Time to leave has come and gone

iVillage Member
Registered: 10-24-2008
Time to leave has come and gone
15
Sat, 11-22-2008 - 6:43am

Hi all! Sorry I have been away so long I was in the hospital for 10 days. I was very, very sick w/ a double kidney infection, but I am all better now. At least physically.

I am sure that those of you who know me and my story will remember that I gave my AP until Christmas to be in his own place, and settled, or I was moving on. Then just to get his attention in September I told him that I wanted to see other people. I know it was very immature, but it worked...kind of. Two weeks later he comes to me and tells me he is two months ahead of schedule, and would be ready by October. Well, here we are mid-November, and he still at home w/ the W.

I got really upset yesterday when we began talking about Thanksgiving. I asked him what he was doing, and his reply was that his brother and his W, and her sister, and her H were coming over. I was like "Oh isn't that nice, couples Thanksgiving dinner at your house." "I am sure everyone will have a smashing time." and hung up. He calls me back, and I ask him how does he think that makes me feel. ANOTHER holiday alone.....that's F*cking fantastic!

The worst part of it all is he asked me for an extension on his move out date. I told him "Take all the time you need Honey." "But I won't be there." I just have this feeling that this years holidays are REALLY going to suck for me.
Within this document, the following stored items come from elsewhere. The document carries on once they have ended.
lemma ml_eval_diff: "ml_eval n (\<lambda>S. c S - d S) x = ml_eval n c x - ml_eval n d x"
  by (simp add: ml_eval_def sum_subtractf left_diff_distrib)

lemma ml_eval_split_var:
  assumes "t < n"
  shows "ml_eval n c x = (\<Sum>S\<in>Pow ({..<n} - {t}). (c S + x t * c (insert t S)) * (\<Prod>i\<in>S. x i))"
proof -
  have "ml_eval n c x = (\<Sum>S\<in>Pow (insert t ({..<n} - {t})). c S * (\<Prod>i\<in>S. x i))"
    using assms by (simp add: ml_eval_def insert_absorb)
  also have "\<dots> =
      (\<Sum>S\<in>Pow ({..<n} - {t}). c S * (\<Prod>i\<in>S. x i) + c (insert t S) * (\<Prod>i\<in>insert t S. x i))"
    by (rule sum_Pow_insert) auto
  also have "\<dots> = (\<Sum>S\<in>Pow ({..<n} - {t}). (c S + x t * c (insert t S)) * (\<Prod>i\<in>S. x i))"
  proof (intro sum.cong refl)
    fix S assume "S \<in> Pow ({..<n} - {t})"
    then have "finite S" "t \<notin> S"
      by (auto intro: finite_subset)
    then show "c S * (\<Prod>i\<in>S. x i) + c (insert t S) * (\<Prod>i\<in>insert t S. x i) =
        (c S + x t * c (insert t S)) * (\<Prod>i\<in>S. x i)"
      by (simp add: algebra_simps)
  qed
  finally show ?thesis .
qed

lemma ml_eval_zero_outside:
  assumes "T \<subseteq> {..<n}"
  shows "ml_eval n c (\<lambda>j. if j \<in> T then x j else 0) = (\<Sum>W\<in>Pow T. c W * (\<Prod>i\<in>W. x i))"
proof -
  have "ml_eval n c (\<lambda>j. if j \<in> T then x j else 0) =
      (\<Sum>W\<in>Pow T. c W * (\<Prod>i\<in>W. if i \<in> T then x i else 0))"
    unfolding ml_eval_def
  proof (rule sum.mono_neutral_right)
    show "\<forall>W\<in>Pow {..<n} - Pow T. c W * (\<Prod>i\<in>W. if i \<in> T then x i else 0) = 0"
      by (auto intro: finite_subset intro!: prod_zero)
  qed (use assms in auto)
  also have "\<dots> = (\<Sum>W\<in>Pow T. c W * (\<Prod>i\<in>W. x i))"
    by (intro sum.cong refl arg_cong2[where f = "(*)"] prod.cong) auto
  finally show ?thesis .
qed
I feel so alone, and used. He says he loves me, and wants us to be a family, and I am the one who gave him a year to get his things in order, but I just feel like it's never going to happen.

This time of year is hard for me because my mom died on Dec 1, I lost a baby on Jan 1, and I had a brother die on Thanksgiving day, and another brother die on Feb 6th. So I usually get a little low around this time. Plus being in law enforcement I see so many kids that have NOTHING, and that usually upsets me too.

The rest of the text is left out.